■ What you need to do: Please set the lines down again exactly, from the top of the entries through the line that contains "theory Defs".

■ Data:
#####
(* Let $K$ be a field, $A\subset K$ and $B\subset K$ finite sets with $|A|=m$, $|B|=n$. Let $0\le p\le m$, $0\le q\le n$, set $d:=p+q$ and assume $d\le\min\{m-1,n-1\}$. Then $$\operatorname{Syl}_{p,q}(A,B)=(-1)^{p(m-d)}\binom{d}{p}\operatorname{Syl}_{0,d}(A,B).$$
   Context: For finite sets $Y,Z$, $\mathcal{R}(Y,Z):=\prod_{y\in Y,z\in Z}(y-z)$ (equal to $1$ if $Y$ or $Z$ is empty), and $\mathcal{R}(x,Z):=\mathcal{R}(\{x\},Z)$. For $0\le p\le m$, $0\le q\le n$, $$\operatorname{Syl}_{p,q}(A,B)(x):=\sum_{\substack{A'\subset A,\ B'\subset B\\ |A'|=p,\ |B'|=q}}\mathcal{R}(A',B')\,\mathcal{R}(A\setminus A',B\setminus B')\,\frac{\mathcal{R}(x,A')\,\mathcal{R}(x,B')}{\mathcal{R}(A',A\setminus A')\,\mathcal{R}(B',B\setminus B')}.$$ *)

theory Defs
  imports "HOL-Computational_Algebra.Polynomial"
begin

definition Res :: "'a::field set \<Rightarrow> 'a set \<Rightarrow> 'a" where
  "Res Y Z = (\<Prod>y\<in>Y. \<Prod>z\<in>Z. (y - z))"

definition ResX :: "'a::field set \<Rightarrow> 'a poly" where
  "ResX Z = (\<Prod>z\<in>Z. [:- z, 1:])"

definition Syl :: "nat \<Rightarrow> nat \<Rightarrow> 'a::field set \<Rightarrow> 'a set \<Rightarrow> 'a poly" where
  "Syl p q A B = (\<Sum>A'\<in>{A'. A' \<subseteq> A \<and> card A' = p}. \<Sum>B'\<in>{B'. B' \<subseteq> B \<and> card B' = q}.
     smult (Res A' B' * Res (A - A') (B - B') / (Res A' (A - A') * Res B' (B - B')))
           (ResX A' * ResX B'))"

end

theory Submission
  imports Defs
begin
#####
■ Response to this exercise:
(* Let $K$ be a field, $A\subset K$ and $B\subset K$ finite sets with $|A|=m$, $|B|=n$. Let $0\le p\le m$, $0\le q\le n$, set $d:=p+q$ and assume $d\le\min\{m-1,n-1\}$. Then $$\operatorname{Syl}_{p,q}(A,B)=(-1)^{p(m-d)}\binom{d}{p}\operatorname{Syl}_{0,d}(A,B).$$
   Context: For finite sets $Y,Z$, $\mathcal{R}(Y,Z):=\prod_{y\in Y,z\in Z}(y-z)$ (equal to $1$ if $Y$ or $Z$ is empty), and $\mathcal{R}(x,Z):=\mathcal{R}(\{x\},Z)$. For $0\le p\le m$, $0\le q\le n$, $$\operatorname{Syl}_{p,q}(A,B)(x):=\sum_{\substack{A'\subset A,\ B'\subset B\\ |A'|=p,\ |B'|=q}}\mathcal{R}(A',B')\,\mathcal{R}(A\setminus A',B\setminus B')\,\frac{\mathcal{R}(x,A')\,\mathcal{R}(x,B')}{\mathcal{R}(A',A\setminus A')\,\mathcal{R}(B',B\setminus B')}.$$ *)

theory Defs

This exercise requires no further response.